START Records for the exercise

definition block_bidiag :: "('a \<Rightarrow> 'a \<Rightarrow> real) \<Rightarrow> nat \<times> 'a \<Rightarrow> nat \<times> 'a \<Rightarrow> real" where
  "block_bidiag M = (\<lambda>(j, x) (j', x').
     (if j = j' then M x x' else 0) - (if j + 1 = j' \<and> x = x' then 1 else 0))"

lemma block_bidiag_row:
  assumes fin: "finite \<Lambda>" and x: "x \<in> \<Lambda>" and j: "j \<le> n"
  shows "(\<Sum>b\<in>{0..n} \<times> \<Lambda>. block_bidiag M (j, x) b * w b)
       = (\<Sum>z\<in>\<Lambda>. M x z * w (j, z)) - (if j < n then w (Suc j, x) else 0)"
proof -
  have block: "(\<Sum>x'\<in>\<Lambda>. block_bidiag M (j, x) (j', x') * w (j', x'))
      = (if j' = j then \<Sum>z\<in>\<Lambda>. M x z * w (j, z) else 0) - (if j' = Suc j then w (j', x) else 0)"
    for j'
  proof (cases "j' = j")
    case False
    then have "block_bidiag M (j, x) (j', x') * w (j', x')
        = (if x = x' then if j' = Suc j then - w (j', x) else 0 else 0)" for x'
      by (auto simp: block_bidiag_def)
    then show ?thesis using False fin x by simp
  qed (simp add: block_bidiag_def)
  have "(\<Sum>b\<in>{0..n} \<times> \<Lambda>. block_bidiag M (j, x) b * w b)
      = (\<Sum>j'\<in>{0..n}. \<Sum>x'\<in>\<Lambda>. block_bidiag M (j, x) (j', x') * w (j', x'))"
    by (simp add: sum.cartesian_product)
  also have "\<dots> = (\<Sum>j'\<in>{0..n}. (if j' = j then \<Sum>z\<in>\<Lambda>. M x z * w (j, z) else 0)
                        - (if j' = Suc j then w (j', x) else 0))"
    by (simp only: block)
  also have "\<dots> = (\<Sum>z\<in>\<Lambda>. M x z * w (j, z)) - (if j < n then w (Suc j, x) else 0)"
    using j by (simp add: sum_subtractf)
  finally show ?thesis .
qed

lemma monotone_block_bidiag:
  assumes fin: "finite \<Lambda>" and M: "monotone_matrix_on \<Lambda> M"
  shows "monotone_matrix_on ({0..n} \<times> \<Lambda>) (block_bidiag M)"
  unfolding monotone_matrix_on_def
proof (intro allI impI)
  fix w assume H: "\<forall>a\<in>{0..n} \<times> \<Lambda>. 0 \<le> (\<Sum>b\<in>{0..n} \<times> \<Lambda>. block_bidiag M a b * w b)"
  have step: "\<forall>x\<in>\<Lambda>. 0 \<le> w (k, x)"
    if k: "k \<le> n" and next_block: "k < n \<Longrightarrow> \<forall>x\<in>\<Lambda>. 0 \<le> w (Suc k, x)" for k
  proof
    fix x assume x: "x \<in> \<Lambda>"
    show "0 \<le> w (k, x)"
    proof (rule monotone_matrix_onD[OF M, where w = "\<lambda>z. w (k, z)", OF _ x])
      fix y assume y: "y \<in> \<Lambda>"
      have "0 \<le> (\<Sum>z\<in>\<Lambda>. M y z * w (k, z)) - (if k < n then w (Suc k, y) else 0)"
        using H[rule_format, of "(k, y)"] block_bidiag_row[OF fin y k, of M w] y k by simp
      moreover have "0 \<le> (if k < n then w (Suc k, y) else 0)"
        using next_block y by simp
      ultimately show "0 \<le> (\<Sum>z\<in>\<Lambda>. M y z * w (k, z))" by linarith
    qed
  qed
  have "\<forall>x\<in>\<Lambda>. 0 \<le> w (k, x)" if "k \<le> n" for k
    using that by (induction k rule: inc_induct) (simp_all add: step)
  then show "\<forall>a\<in>{0..n} \<times> \<Lambda>. 0 \<le> w a" by auto
qed

definition dominates_identity_on :: "'a set \<Rightarrow> ('a \<Rightarrow> 'a \<Rightarrow> real) \<Rightarrow> bool" where
  "dominates_identity_on \<Lambda> M \<longleftrightarrow>
     (\<forall>f. (\<Sum>x\<in>\<Lambda>. (f x)\<^sup>2) \<le> (\<Sum>x\<in>\<Lambda>. f x * (\<Sum>z\<in>\<Lambda>. M x z * f z)))"

lemma sum_squares_le_if_dominates_identity:
  assumes M: "dominates_identity_on \<Lambda> M"
  shows "(\<Sum>x\<in>\<Lambda>. (f x)\<^sup>2) \<le> (\<Sum>x\<in>\<Lambda>. (\<Sum>z\<in>\<Lambda>. M x z * f z)\<^sup>2)"
proof -
  let ?Mf = "\<lambda>x. \<Sum>z\<in>\<Lambda>. M x z * f z"
  have "(\<Sum>x\<in>\<Lambda>. (f x)\<^sup>2) \<le> (\<Sum>x\<in>\<Lambda>. f x * ?Mf x)"
    using M by (simp add: dominates_identity_on_def)
  also have "\<dots> \<le> (\<Sum>x\<in>\<Lambda>. ((f x)\<^sup>2 + (?Mf x)\<^sup>2) / 2)"
  proof (rule sum_mono)
    show "f x * ?Mf x \<le> ((f x)\<^sup>2 + (?Mf x)\<^sup>2) / 2" for x
      using sum_squares_bound[of "f x" "?Mf x"] by simp
  qed
  also have "\<dots> = ((\<Sum>x\<in>\<Lambda>. (f x)\<^sup>2) + (\<Sum>x\<in>\<Lambda>. (?Mf x)\<^sup>2)) / 2"
    by (simp only: sum_divide_distrib[symmetric] sum.distrib)
  finally show ?thesis by simp
qed

lemma monotone_if_dominates_identity:
  assumes fin: "finite \<Lambda>" and M: "dominates_identity_on \<Lambda> M"
    and off_diag: "\<And>x y. x \<in> \<Lambda> \<Longrightarrow> y \<in> \<Lambda> \<Longrightarrow> x \<noteq> y \<Longrightarrow> M x y \<le> 0"
  shows "monotone_matrix_on \<Lambda> M"
  unfolding monotone_matrix_on_def
proof (intro allI impI)
  fix f assume ge: "\<forall>x\<in>\<Lambda>. 0 \<le> (\<Sum>z\<in>\<Lambda>. M x z * f z)"
  \<comment> \<open>Test against the negative part \<open>p\<close> of \<open>f\<close>: \<open>p\<close> and \<open>q\<close> have disjoint supports and \<open>M\<close>
    is nonpositive off the diagonal, so \<open>\<langle>p, M q\<rangle> \<le> 0\<close>.\<close>
  define p where "p x = max 0 (- f x)" for x
  define q where "q x = max 0 (f x)" for x
  have f_eq: "f = (\<lambda>x. q x - p x)" and pq: "p x * q x = 0" and "0 \<le> p x" "0 \<le> q x" for x
    by (auto simp: p_def q_def max_def)
  have "0 \<le> (\<Sum>x\<in>\<Lambda>. p x * (\<Sum>z\<in>\<Lambda>. M x z * f z))"
    using ge \<open>0 \<le> p _\<close> by (simp add: sum_nonneg)
  also have "\<dots> = (\<Sum>x\<in>\<Lambda>. \<Sum>z\<in>\<Lambda>. p x * M x z * q z) - (\<Sum>x\<in>\<Lambda>. p x * (\<Sum>z\<in>\<Lambda>. M x z * p z))"
    by (subst f_eq) (simp add: sum_distrib_left right_diff_distrib sum_subtractf mult_ac)
  also have "\<dots> \<le> 0 - (\<Sum>x\<in>\<Lambda>. (p x)\<^sup>2)"
  proof (rule diff_mono)
    have "p x * M x z * q z \<le> 0" if "x \<in> \<Lambda>" "z \<in> \<Lambda>" for x z
      using off_diag[OF that] pq[of x] \<open>0 \<le> p x\<close> \<open>0 \<le> q z\<close>
      by (cases "x = z") (auto simp: mult_nonneg_nonpos mult_nonpos_nonneg)
    then show "(\<Sum>x\<in>\<Lambda>. \<Sum>z\<in>\<Lambda>. p x * M x z * q z) \<le> 0"
      by (simp add: sum_nonpos)
    show "(\<Sum>x\<in>\<Lambda>. (p x)\<^sup>2) \<le> (\<Sum>x\<in>\<Lambda>. p x * (\<Sum>z\<in>\<Lambda>. M x z * p z))"
      using M by (simp add: dominates_identity_on_def)
  qed
  finally have "(\<Sum>x\<in>\<Lambda>. (p x)\<^sup>2) = 0"
    by (simp add: order_antisym sum_nonneg)
  then have "\<forall>x\<in>\<Lambda>. p x = 0"
    using fin by (simp add: sum_nonneg_eq_0_iff)
  then show "\<forall>x\<in>\<Lambda>. 0 \<le> f x"
    by (auto simp: p_def max_def split: if_splits)
qed

text \<open>For \<open>k \<le> j'\<close>, block \<open>k\<close> of the column \<open>(j', x')\<close> of the inverse is \<open>M^-(j'-k+1)\<close> applied to the
  unit vector at \<open>x'\<close>, and below \<open>j'\<close> the column vanishes; \<open>M^-1\<close> does not increase the \<open>\<ell>\<^sup>2\<close>-norm.\<close>
lemma block_bidiag_inverse_block_norm:
  assumes fin: "finite \<Lambda>" and M: "dominates_identity_on \<Lambda> M"
    and c: "c = (j', x')" and j': "j' \<le> n" and x': "x' \<in> \<Lambda>"
    and g: "\<And>a. a \<in> {0..n} \<times> \<Lambda> \<Longrightarrow>
              (\<Sum>b\<in>{0..n} \<times> \<Lambda>. block_bidiag M a b * g b) = (if a = c then 1 else 0)"
    and k: "k \<le> n"
  shows "(\<Sum>x\<in>\<Lambda>. (g (k, x))\<^sup>2) \<le> (if k \<le> j' then 1 else 0)"
proof -
  define S where "S k = (\<Sum>x\<in>\<Lambda>. (g (k, x))\<^sup>2)" for k
  have step: "S k \<le> (if k \<le> j' then 1 else 0)"
    if k: "k \<le> n" and next_block: "k < n \<Longrightarrow> S (Suc k) \<le> (if Suc k \<le> j' then 1 else 0)" for k
  proof -
    define u where "u x = (if (k, x) = c then 1 else 0) + (if k < n then g (Suc k, x) else 0)" for x
    have "S k \<le> (\<Sum>x\<in>\<Lambda>. (\<Sum>z\<in>\<Lambda>. M x z * g (k, z))\<^sup>2)"
      unfolding S_def by (rule sum_squares_le_if_dominates_identity[OF M])
    also have "\<dots> = (\<Sum>x\<in>\<Lambda>. (u x)\<^sup>2)"
      using g block_bidiag_row[OF fin _ k, of _ M g] k by (simp add: u_def)
    also have "\<dots> \<le> (if k \<le> j' then 1 else 0)"
    proof (cases "k < j'")
      case True
      then have "(\<Sum>x\<in>\<Lambda>. (u x)\<^sup>2) = S (Suc k)"
        using j' by (simp add: u_def S_def c)
      then show ?thesis using next_block True j' by simp
    next
      case False
      have "g (Suc k, x) = 0" if "k < n" "x \<in> \<Lambda>" for x
      proof -
        have "S (Suc k) \<le> 0" using next_block[OF \<open>k < n\<close>] False by simp
        then have "S (Suc k) = 0" by (simp add: S_def order_antisym sum_nonneg)
        then show ?thesis using fin \<open>x \<in> \<Lambda>\<close> by (simp add: S_def sum_nonneg_eq_0_iff)
      qed
      then have "(\<Sum>x\<in>\<Lambda>. (u x)\<^sup>2) = (\<Sum>x\<in>\<Lambda>. if k = j' \<and> x = x' then 1 else 0)"
        by (intro sum.cong) (auto simp: u_def c)
      also have "\<dots> = (if k \<le> j' then 1 else 0)"
        using False fin x' by simp
      finally show ?thesis by simp
    qed
    finally show ?thesis .
  qed
  show ?thesis
    using k unfolding S_def[symmetric] by (induction k rule: inc_induct) (simp_all add: step)
qed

END Records for the exercise

▶ [Work instruction]: Only the lines from the first one of the listing up to and including the line where "by (simp add: sum.cartesian_product)" appears are wanted, reproduced exactly.

▶ [Expected output]:
definition block_bidiag :: "('a \<Rightarrow> 'a \<Rightarrow> real) \<Rightarrow> nat \<times> 'a \<Rightarrow> nat \<times> 'a \<Rightarrow> real" where
  "block_bidiag M = (\<lambda>(j, x) (j', x').
     (if j = j' then M x x' else 0) - (if j + 1 = j' \<and> x = x' then 1 else 0))"

lemma block_bidiag_row:
  assumes fin: "finite \<Lambda>" and x: "x \<in> \<Lambda>" and j: "j \<le> n"
  shows "(\<Sum>b\<in>{0..n} \<times> \<Lambda>. block_bidiag M (j, x) b * w b)
       = (\<Sum>z\<in>\<Lambda>. M x z * w (j, z)) - (if j < n then w (Suc j, x) else 0)"
proof -
  have block: "(\<Sum>x'\<in>\<Lambda>. block_bidiag M (j, x) (j', x') * w (j', x'))
      = (if j' = j then \<Sum>z\<in>\<Lambda>. M x z * w (j, z) else 0) - (if j' = Suc j then w (j', x) else 0)"
    for j'
  proof (cases "j' = j")
    case False
    then have "block_bidiag M (j, x) (j', x') * w (j', x')
        = (if x = x' then if j' = Suc j then - w (j', x) else 0 else 0)" for x'
      by (auto simp: block_bidiag_def)
    then show ?thesis using False fin x by simp
  qed (simp add: block_bidiag_def)
  have "(\<Sum>b\<in>{0..n} \<times> \<Lambda>. block_bidiag M (j, x) b * w b)
      = (\<Sum>j'\<in>{0..n}. \<Sum>x'\<in>\<Lambda>. block_bidiag M (j, x) (j', x') * w (j', x'))"
    by (simp add: sum.cartesian_product)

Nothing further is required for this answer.